Trading partner for the German agricultural sector

Great potential in the land of green energy

Dr. Antje Eckel travelled to Kenya with the Chancellor's delegation

Important trading partner for the German agricultural sector

Olaf Scholz was accompanied on his trip to East Africa by various business representatives, including three entrepreneurs from the agricultural sector. There are good reasons for this, as Kenya is not only a model country for green energy, which already covers 90 percent of its energy needs from renewable sources, but is also Germany's largest economic partner in East Africa. Two thirds of Kenya's exports come from agriculture. In addition to large parts of the country where only nomadic farming is possible due to the climate, a large proportion of produce is grown for self-sufficiency and export, particularly in the fertile highlands. A very well-organized cooperative system dominates production; vegetable and flower cultivation in particular are well developed, as is the dairy market. The animal feed industry, on the other hand, is currently still very fragmented, but Antje Eckel is certain that this will change in the near future.

“A lot is happening in Kenya right now. Many young people are setting up their own businesses, which is particularly supported by politicians. The aim is to explicitly promote owner-managed companies and avoid the expansion of large corporations. Kenya is very digitalized, agriculture plays an important role for food security and also as a growth market.”

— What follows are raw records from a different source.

lemma loga_eq_valuation:
  assumes "nonarch_local_field av" "x \<noteq> 0"
  shows "loga av x = - of_int (valuation av x)"
proof -
  obtain k :: int where "loga av x = of_int k"
    using loga_in_Ints[OF assms] by (elim Ints_cases)
  then show ?thesis
    by (simp add: valuation_def)
qed

lemma valuation_pos:
  assumes "nonarch_local_field av" "x \<noteq> 0" "av x < 1"
  shows "0 < valuation av x"
proof -
  obtain k :: int where k: "av x = residue_card av powr of_int k"
    using nonarch_local_field_abs_eq_powr[OF assms(1,2)] .
  have "av x > 0"
    using assms(1,2) by (auto simp: nonarch_local_field_def order_le_less)
  then have "residue_card av \<noteq> 0" "residue_card av \<noteq> 1"
    using k assms(3) by auto
  then have "residue_card av > 1"
    by (auto simp: residue_card_def)
  then have "loga av x < 0"
    using \<open>av x > 0\<close> assms(3) by (simp add: loga_def)
  then show ?thesis
    using loga_eq_valuation[OF assms(1,2)] by simp
qed

lemma trop_fibre_lattice_eq_jacobian_lattice:
  assumes nl: "nonarch_local_field av" and nonzero: "\<forall>e\<in>E. b e \<noteq> 0"
  shows "trop_lattice av (fibre_lattice V E src tgt b gs)
    = jacobian_lattice V E src tgt (\<lambda>e. of_int (valuation av (b e))) gs"
proof -
  let ?\<tau> = "\<lambda>c. \<chi> i. \<Sum>e\<in>E. real_of_rat (of_int (valuation av (b e))) * real_of_int (c e) * real_of_int (gs i e)"
  have "loga av (\<Prod>e\<in>E. b e powi (c e * gs i e))
      = (\<Sum>e\<in>E. real_of_rat (of_int (valuation av (b e))) * real_of_int (- c e) * real_of_int (gs i e))"
    for c i
  proof -
    have "loga av (\<Prod>e\<in>E. b e powi (c e * gs i e)) = (\<Sum>e\<in>E. loga av (b e powi (c e * gs i e)))"
      using nonzero by (simp add: loga_prod[OF nl])
    also have "\<dots> = (\<Sum>e\<in>E. of_int (c e * gs i e) * loga av (b e))"
      using nonzero by (intro sum.cong) (simp_all add: loga_power_int[OF nl])
    also have "\<dots> = (\<Sum>e\<in>E. real_of_rat (of_int (valuation av (b e))) * real_of_int (- c e) * real_of_int (gs i e))"
      using nonzero by (intro sum.cong) (simp_all add: loga_eq_valuation[OF nl])
    finally show ?thesis .
  qed
  then have "trop_lattice av (fibre_lattice V E src tgt b gs) = ?\<tau> ` uminus ` H1 V E src tgt"
    unfolding trop_lattice_def fibre_lattice_def image_image
    by (intro image_cong refl) (simp add: sigma_coords_def vec_eq_iff)
  then show ?thesis
    unfolding uminus_image_H1 jacobian_lattice_def .
qed

lemma torus_mp_iso_refl: "torus_mp_iso L L"
  unfolding torus_mp_iso_def
proof (intro exI[of _ id] conjI)
  show "distr lborel lborel id = lborel"
    by (simp add: id_def)
qed (simp_all add: continuous_on_id)

theorem proposition4p2:
  fixes av :: "'f::field \<Rightarrow> real"
    and V :: "'v set" and E :: "'e set" and src tgt :: "'e \<Rightarrow> 'v"
    and gs :: "'n::finite \<Rightarrow> 'e \<Rightarrow> int"
    and b :: "'e \<Rightarrow> 'f"
  assumes "nonarch_local_field av"
    and "finite_graph V E src tgt"
    and "H1_basis V E src tgt gs"
    and "\<forall>e\<in>E. b e \<in> maximal_ideal av \<and> b e \<noteq> 0"
  shows "\<exists>(Vb :: nat set) (Eb :: nat set) (srcb :: nat \<Rightarrow> nat) (tgtb :: nat \<Rightarrow> nat)
            (wb :: nat \<Rightarrow> rat) (hs :: 'n \<Rightarrow> nat \<Rightarrow> int).
           finite_graph Vb Eb srcb tgtb \<and> (\<forall>e\<in>Eb. 0 < wb e) \<and>
           H1_basis Vb Eb srcb tgtb hs \<and>
           torus_mp_iso (trop_lattice av (fibre_lattice V E src tgt b gs))
                        (jacobian_lattice Vb Eb srcb tgtb wb hs)"
proof -
  obtain Vb :: "nat set" and \<phi> :: "'e \<Rightarrow> nat" and srcb tgtb :: "nat \<Rightarrow> nat"
    where graph: "finite_graph Vb (\<phi> ` E) srcb tgtb" and \<phi>: "inj_on \<phi> E"
    and H1_eq: "H1 Vb (\<phi> ` E) srcb tgtb = relabel_chain E \<phi> ` H1 V E src tgt"
    using finite_graph_nat_relabelling[OF assms(2)] .
  define wb where "wb = (\<lambda>d. of_int (valuation av (b (inv_into E \<phi> d))) :: rat)"
  define hs where "hs = (\<lambda>i. relabel_chain E \<phi> (gs i))"
  have "\<forall>d\<in>\<phi> ` E. 0 < wb d"
    using assms(1,4) \<phi> by (auto simp: wb_def maximal_ideal_def valuation_pos)
  moreover have "H1_basis Vb (\<phi> ` E) srcb tgtb hs"
    unfolding hs_def using \<phi> H1_eq assms(3) by (rule H1_basis_relabel)
  moreover have "torus_mp_iso (trop_lattice av (fibre_lattice V E src tgt b gs))
      (jacobian_lattice Vb (\<phi> ` E) srcb tgtb wb hs)"
  proof -
    have "trop_lattice av (fibre_lattice V E src tgt b gs)
        = jacobian_lattice V E src tgt (\<lambda>e. of_int (valuation av (b e))) gs"
      using assms(1,4) by (simp add: trop_fibre_lattice_eq_jacobian_lattice)
    also have "\<dots> = jacobian_lattice Vb (\<phi> ` E) srcb tgtb wb hs"
      unfolding wb_def hs_def by (rule jacobian_lattice_relabel[OF \<phi> H1_eq, symmetric])
    finally show ?thesis
      by (simp add: torus_mp_iso_refl)
  qed
  ultimately show ?thesis
    using graph by blast
qed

Premiere in the chancellor machine

It was Antje Eckel's first trip as part of a business delegation. “That's something special, after all, it's not every day that you fly on the chancellor's plane. But the trip was also very intensive, we had lots of very good discussions, both on site and during the flight.” Her personal highlight was the reception with President William Ruto. In her speech to the President and the invited guests, Antje Eckel was able to convey the spark of her attachment to Kenya. “The words came from my heart, and you could obviously feel that. So many people came to me afterwards to exchange ideas and network.” So far, Dr. Eckel has no direct business with Kenya. But if Antje Eckel has her way, she doesn't want it to stay that way. “Kenya needs the right business model, then the opportunities are enormous.” She is convinced of this not only by the impressions of her trip and her many years of experience in international agribusiness, but also by her personal background.

“African at heart”

Antje Eckel spent three years in Kenya in her youth, went to school there and still feels a deep connection with the country and its people to this day. “I love the people here, the climate, the diverse beauty of the country from the arid and semi-arid regions to the highlands and the beaches - Kenya has it all.”

Antje Eckel has very fond memories of her time in Kenya. During her trip, she was able to relive memories and acquaintances from back then. “The three years in Kenya definitely left their mark on me,” she says, “more than many other places where I lived for longer. I am very German in many ways, but also a bit African at heart.”